Among the records below, find each line bearing the word "longleftrightarrow" and copy it.

Collected data entries:
------

lemma last_cyc_path: "0 < l \<Longrightarrow> last (cyc_path f e l) = (f ^^ (l - 1)) e"
  by (simp add: last_conv_nth)

lemma cyc_path_from_funpow: "cyc_path f ((f ^^ j) e) q = map (\<lambda>t. (f ^^ t) e) [j..<j + q]"
proof -
  have "[j..<j + q] = map (\<lambda>i. i + j) [0..<q]" by (simp add: map_add_upt add.commute)
  then show ?thesis unfolding cyc_path_def by (simp add: funpow_add)
qed

lemma cyc_path_is_subpath:
  assumes "j + q \<le> l"
  shows "is_subpath (cyc_path f ((f ^^ j) e) q) (cyc_path f e l)"
proof -
  obtain r where l: "l = j + q + r" using assms le_Suc_ex by blast
  have "[0..<l] = [0..<j] @ [j..<j + q] @ [j + q..<l]"
    unfolding l using upt_add_eq_append[of 0 j q] upt_add_eq_append[of 0 "j + q" r]
      upt_add_eq_append[of j q r] by simp
  then have "cyc_path f e l = cyc_path f e j @ cyc_path f ((f ^^ j) e) q @ map (\<lambda>t. (f ^^ t) e) [j + q..<l]"
    unfolding cyc_path_from_funpow by (simp add: cyc_path_def)
  then show ?thesis unfolding is_subpath_def by blast
qed

lemma cyc_path_rotate:
  assumes "(f ^^ l) e = e"
  shows "cyc_path f ((f ^^ k) e) l = rotate k (cyc_path f e l)"
proof (rule nth_equalityI)
  fix i assume "i < length (cyc_path f ((f ^^ k) e) l)"
  then have "i < l" by simp
  then show "cyc_path f ((f ^^ k) e) l ! i = rotate k (cyc_path f e l) ! i"
    using funpow_mod_eq[OF assms, of "k + i"] by (simp add: nth_rotate funpow_add add.commute)
qed simp

lemma length_inv_path [simp]: "length (inv_path rv p) = length p"
  by (simp add: inv_path_def)

lemma nth_inv_path: "i < length p \<Longrightarrow> inv_path rv p ! i = rv (p ! (length p - 1 - i))"
  by (simp add: inv_path_def rev_nth)

lemma hd_inv_path: "p \<noteq> [] \<Longrightarrow> hd (inv_path rv p) = rv (last p)"
  by (simp add: inv_path_def hd_rev last_map)

lemma inv_letter_inv_letter [simp]: "inv_letter (inv_letter a) = a"
  and fst_inv_letter [simp]: "fst (inv_letter a) = fst a"
  and snd_inv_letter [simp]: "snd (inv_letter a) = (\<not> snd a)"
  by (simp_all add: inv_letter_def)

lemma length_inv_word [simp]: "length (inv_word w) = length w"
  by (simp add: inv_word_def)

lemma nth_inv_word: "i < length w \<Longrightarrow> inv_word w ! i = inv_letter (w ! (length w - 1 - i))"
  by (simp add: inv_word_def rev_nth)

lemma inv_word_inv_word [simp]: "inv_word (inv_word w) = w"
  by (simp add: inv_word_def rev_map comp_def)

lemma inv_word_append: "inv_word (u @ v) = inv_word v @ inv_word u"
  by (simp add: inv_word_def)

text \<open>The letter of the a-th syllable (counting from 0) of x_1^m ... x_n^m if s,
  and of x_n^{-m} ... x_1^{-m} if not s.\<close>
definition block_letter :: "nat \<Rightarrow> bool \<Rightarrow> nat \<Rightarrow> letter" where
  "block_letter n s a = (if s then (Suc a, True) else (n - a, False))"

lemma snd_block_letter [simp]: "snd (block_letter n s a) = s"
  by (simp add: block_letter_def)

lemma inj_on_block_letter: "inj_on (block_letter n s) {..<n}"
  by (rule inj_onI) (auto simp: block_letter_def split: if_splits)

lemma block_word_eq_map: "block_word n m = map (\<lambda>x. block_letter n True (x div m)) [0..<n * m]"
proof (induction n)
  case (Suc n)
  have "(n * m + i) div m = n" if "i < m" for i
    using that by (simp add: div_nat_eqI mult.commute)
  then have "replicate m (Suc n, True) = map (\<lambda>x. block_letter (Suc n) True (x div m)) [n * m..<n * m + m]"
    by (intro nth_equalityI) (simp_all add: block_letter_def)
  moreover have "[0..<Suc n * m] = [0..<n * m] @ [n * m..<n * m + m]"
    using upt_add_eq_append[of 0 "n * m" m] by (simp add: add.commute)
  ultimately show ?case
    using Suc.IH by (simp add: block_word_def block_letter_def)
qed (simp add: block_word_def)

lemma length_block_word [simp]: "length (block_word n m) = n * m"
  by (simp add: block_word_eq_map)

lemma reversed_syllable_index:
  assumes "x < n * m"
  shows "Suc ((n * m - 1 - x) div m) = n - x div m"
proof -
  have m: "0 < m" using assms by (cases m) auto
  have "x div m < n" using assms m by (simp add: div_less_iff_less_mult)
  then obtain c where c: "n = Suc (x div m + c)" using less_imp_Suc_add by blast
  have "n * m = x div m * m + m + c * m" using c by (simp add: algebra_simps)
  moreover have "x = x div m * m + x mod m" by simp
  moreover have "x mod m < m" using m by simp
  ultimately have "n * m - 1 - x = (m - 1 - x mod m) + c * m" by linarith
  then have "(n * m - 1 - x) div m = c" using m by simp
  then show ?thesis using c by simp
qed

lemma inv_block_word_eq_map:
  "inv_word (block_word n m) = map (\<lambda>x. block_letter n False (x div m)) [0..<n * m]"
proof (rule nth_equalityI)
  fix x assume "x < length (inv_word (block_word n m))"
  then have x: "x < n * m" by simp
  then have "n * m - 1 - x < n * m" by linarith
  then show "inv_word (block_word n m) ! x = map (\<lambda>x. block_letter n False (x div m)) [0..<n * m] ! x"
    using x reversed_syllable_index[OF x]
    by (simp add: nth_inv_word block_word_eq_map block_letter_def inv_letter_def)
qed simp

lemma block_word_or_inv_eq_map:
  "map (\<lambda>x. block_letter n s (x div m)) [0..<n * m] =
     (if s then block_word n m else inv_word (block_word n m))"
  using block_word_eq_map[of n m] inv_block_word_eq_map[of n m] by (cases s) simp_all

lemma inv_block_letter_eq:
  assumes "inv_letter (block_letter n s x) = block_letter n s' y" "x < n" "y < n"
  shows "s' = (\<not> s)" "Suc (x + y) = n"
  using assms by (auto simp: block_letter_def inv_letter_def split: if_splits)

section \<open>Windows in cyclic words and syllable arithmetic\<close>

lemma cyclic_window_meets_prefix:
  fixes l L N t :: nat
  assumes "0 < l" "l \<le> L" "L < N + l"
  shows "\<exists>i<l. (t + i) mod L < N"
proof -
  have L: "0 < L" using assms by linarith
  have N: "0 < N" using assms by linarith
  show ?thesis
  proof (cases "t mod L < N")
    case True
    then show ?thesis using assms(1) by (intro exI[of _ 0]) simp
  next
    case False
    have "(t + (L - t mod L)) mod L = (t mod L + (L - t mod L)) mod L"
      by (rule mod_add_left_eq[symmetric])
    also have "\<dots> = 0" using L by simp
    finally have "(t + (L - t mod L)) mod L < N" using N by simp
    moreover have "L - t mod L < l" using False assms(1,3) by linarith
    ultimately show ?thesis by blast
  qed
qed

text \<open>The cyclic word c of length L begins with the block (g 0)^M ... (g (n-1))^M and does not
  end with g 0. A window (g 0)^m ... (g (n-1))^m starting at t cannot start in the tail (it
  would run through position 0 and force c (L - 1) = g 0), so it starts in the first syllable;
  its first syllable change then gives m = M - t and its second one t = 0.\<close>
lemma block_window_unique:
  fixes c g :: "nat \<Rightarrow> 'a"
  assumes block: "\<And>x. x < n * M \<Longrightarrow> c x = g (x div M)"
    and window: "\<And>i. i < n * m \<Longrightarrow> c ((t + i) mod L) = g (i div m)"
    and inj: "inj_on g {..<n}" and last: "c (L - 1) \<noteq> g 0"
    and n: "3 \<le> n" and M: "0 < M" "M < n * m" "n * M < L"
    and m: "n * m \<le> L" "L - n * M < n * m" and t: "t < L"
  shows "t = 0 \<and> m = M"
proof -
  have m0: "0 < m" using M by (cases m) auto
  have g_eq: "a = b" if "a < n" "b < n" "g a = g b" for a b
    using inj that by (auto dest: inj_onD)
  have syllable_lt: "i div m < n" if "i < n * m" for i
    using that m0 by (simp add: div_less_iff_less_mult)
  have window': "c (t + i) = g (i div m)" if "i < n * m" "t + i < L" for i
    using window[OF that(1)] that(2) by simp
  have "t < n * M"
  proof (rule ccontr)
    assume "\<not> t < n * M"
    then have i: "L - t < n * m" "t + (L - t) = L" using m t by linarith+
    have "g ((L - t) div m) = g 0"
      using window[OF i(1)] block[of 0] n M by (simp add: i(2))
    then have "(L - t) div m = 0" using g_eq syllable_lt[OF i(1)] n by simp
    then have "L - t - 1 < n * m" "(L - t - 1) div m = 0" using i(1) by (auto simp: div_eq_0_iff)
    then have "c (L - 1) = g 0" using window'[of "L - t - 1"] t by simp
    then show False using last by simp
  qed
  then have "g (t div M) = g 0" using block window'[of 0] M t m0 n by simp
  moreover have "t div M < n" using \<open>t < n * M\<close> M by (simp add: div_less_iff_less_mult)
  ultimately have "t div M = 0" using g_eq n by simp
  then have tM: "t < M" using M by (simp add: div_eq_0_iff)
  have M_lt: "M < n * M" using n M by simp
  have "g ((M - t) div m) = g 1"
    using window'[of "M - t"] block[of M] M M_lt tM by simp
  then have "(M - t) div m = 1" using g_eq syllable_lt[of "M - t"] M n by simp
  then have "m \<le> M - t" by (metis div_less not_le zero_neq_one)
  moreover have "M - t - 1 < n * m" "t + (M - t - 1) = M - 1" "M - 1 < n * M" "M - 1 < L"
    using M M_lt tM by linarith+
  then have "g ((M - t - 1) div m) = g 0"
    using window'[of "M - t - 1"] block[of "M - 1"] M by simp
  then have "(M - t - 1) div m = 0" using g_eq syllable_lt[of "M - t - 1"] M n by simp
  then have "M - t - 1 < m" using m0 by (simp add: div_eq_0_iff)
  ultimately have mt: "m = M - t" by linarith
  show ?thesis
  proof (rule ccontr)
    assume "\<not> (t = 0 \<and> m = M)"
    then have "0 < t" using mt by (cases "t = 0") simp_all
    have "3 * M \<le> n * M" "3 * m \<le> n * m" using n by simp_all
    then have i: "2 * m < n * m" "t + 2 * m < L" "2 * M - t < n * M" "t + 2 * m = 2 * M - t"
      using mt tM m0 M by linarith+
    have "(2 * M - t) div M = 1" using tM \<open>0 < t\<close> by (intro div_nat_eqI) auto
    then have "g 2 = g 1" using window'[OF i(1,2)] block[OF i(3)] m0 by (simp add: i(4))
    then show False using g_eq[of 2 1] n by simp
  qed
qed

lemma syllable_boundaries_match:
  fixes a b q A B n :: nat
  assumes "\<forall>i<q. Suc ((a + q - 1 - i) div A + (b + i) div B) = n" "1 \<le> i" "i < q"
  shows "B dvd b + i \<longleftrightarrow> A dvd a + q - i"
proof -
  obtain i' where i': "i = Suc i'" using assms(2) by (cases i) auto
  have "i' < q" using assms(3) i' by simp
  then have before: "Suc ((a + q - 1 - i') div A + (b + i') div B) = n"
    using assms(1) by blast
  have after: "Suc ((a + q - 1 - i) div A + (b + i) div B) = n"
    using assms(1,3) by blast
  have shift: "a + q - 1 - i' = a + q - i" and up: "Suc (b + i') = b + i"
    and down: "Suc (a + q - 1 - i) = a + q - i"
    using assms i' by linarith+
  have "(a + q - i) div A = (if (a + q - i) mod A = 0 then Suc ((a + q - 1 - i) div A) else (a + q - 1 - i) div A)"
    using div_Suc[of "a + q - 1 - i" A] unfolding down .
  moreover have "(b + i) div B = (if (b + i) mod B = 0 then Suc ((b + i') div B) else (b + i') div B)"
    using div_Suc[of "b + i'" B] unfolding up .
  moreover note before[unfolded shift]
  ultimately have "((a + q - i) mod A = 0) = ((b + i) mod B = 0)"
    using after by (auto split: if_splits)
  then show ?thesis by (simp add: dvd_eq_mod_eq_0)
qed

lemma dvd_add_diff_mod:
  fixes b B :: nat
  assumes "0 < B"
  shows "B dvd b + (B - b mod B)"
proof -
  have "B * (b div B) + b mod B = b" by (rule mult_div_mod_eq)
  moreover have "b mod B < B" using assms by simp
  ultimately have "b + (B - b mod B) = B * (b div B) + B" by linarith
  then show ?thesis by simp
qed

lemma syllable_length_eq:
  fixes a b q A B :: nat
  assumes match: "\<And>i. 1 \<le> i \<Longrightarrow> i < q \<Longrightarrow> B dvd b + i \<longleftrightarrow> A dvd a + q - i"
    and q: "2 * B < q" and A: "0 < A" and B: "0 < B"
  shows "A = B"
proof -
  define i1 where "i1 = B - b mod B"
  have i1: "1 \<le> i1" "i1 \<le> B" "B dvd b + i1"
    using B dvd_add_diff_mod[OF B] unfolding i1_def by (simp_all add: Suc_leI)
  have a1: "A dvd a + q - i1" using match i1 q by simp
  have "B dvd b + (i1 + B)" using i1(3) by (simp add: add.assoc[symmetric])
  then have a2: "A dvd a + q - (i1 + B)" using match[of "i1 + B"] i1 q by simp
  have "(a + q - i1) - (a + q - (i1 + B)) = B" using i1 q by linarith
  then have "A dvd B" using dvd_diff_nat[OF a1 a2] by simp
  then have "A \<le> B" using B by (simp add: dvd_imp_le)
  moreover have "\<not> A < B"
  proof
    assume "A < B"
    have "a + q - (i1 + A) = (a + q - i1) - A" by simp
    then have "A dvd a + q - (i1 + A)" using dvd_diff_nat[OF a1 dvd_refl[of A]] by simp
    then have "B dvd (b + i1) + A" using match[of "i1 + A"] i1 q \<open>A < B\<close> by (simp add: add.assoc)
    then have "B dvd A" using i1(3) by (simp add: dvd_add_right_iff)
    then show False using \<open>A < B\<close> A by (simp add: nat_dvd_not_less)
  qed
  ultimately show ?thesis by simp
qed

text \<open>The hypothesis says that a stretch of length q read backwards in x_1^A ... x_n^A from
  offset a and forwards in x_n^{-B} ... x_1^{-B} from offset b has inverse letters
  (syllable indices summing to n - 1). Syllable boundaries must then occur at the same
  places, which forces A = B as soon as q exceeds two syllables.\<close>
lemma syllable_alignment:
  fixes a b q A B n :: nat
  assumes h: "\<forall>i<q. Suc ((a + q - 1 - i) div A + (b + i) div B) = n" and A: "0 < A" and B: "0 < B"
  shows "(q \<le> 2 * A \<and> q \<le> 2 * B) \<or> (A = B \<and> a + b + q = n * A)"
proof (cases "q \<le> 2 * A \<and> q \<le> 2 * B")
  case long: False
  have match: "B dvd b + i \<longleftrightarrow> A dvd a + q - i" if "1 \<le> i" "i < q" for i
    using syllable_boundaries_match[OF h that] .
  have match': "A dvd a + i \<longleftrightarrow> B dvd b + q - i" if "1 \<le> i" "i < q" for i
    using match[of "q - i"] that by (simp add: add_diff_assoc)
  have AB: "A = B"
    using long syllable_length_eq[OF match _ A B] syllable_length_eq[OF match' _ B A]
    by (metis not_le)
  define i1 where "i1 = B - b mod B"
  have i1: "1 \<le> i1" "i1 < q" "B dvd b + i1"
    using B dvd_add_diff_mod[OF B] long AB unfolding i1_def by (simp_all add: Suc_leI)
  obtain u where u: "a + q - i1 = A * u" using match i1 by (metis dvdE)
  obtain v where v: "b + i1 = A * v" using i1(3) AB by (metis dvdE)
  have "0 < u" using u i1 by (cases u) auto
  then have "u * A = (u - 1) * A + A" by (metis Suc_diff_1 mult_Suc add.commute)
  then have "a + q - 1 - i1 = (A - 1) + (u - 1) * A" using u A by (simp add: mult.commute)
  then have "(a + q - 1 - i1) div A = u - 1" using A div_mult_self1[of A "A - 1" "u - 1"] by simp
  moreover have "(b + i1) div B = v" using v AB A by simp
  ultimately have "n = u + v" using h i1 \<open>0 < u\<close> by force
  then have "n * A = A * u + A * v" by (simp add: algebra_simps)
  then show ?thesis using u v i1 AB by linarith
qed simp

------

* _Problem solution_
  shows "B dvd b + i \<longleftrightarrow> A dvd a + q - i"
  assumes match: "\<And>i. 1 \<le> i \<Longrightarrow> i < q \<Longrightarrow> B dvd b + i \<longleftrightarrow> A dvd a + q - i"
  have match: "B dvd b + i \<longleftrightarrow> A dvd a + q - i" if "1 \<le> i" "i < q" for i
  have match': "A dvd a + i \<longleftrightarrow> B dvd b + q - i" if "1 \<le> i" "i < q" for i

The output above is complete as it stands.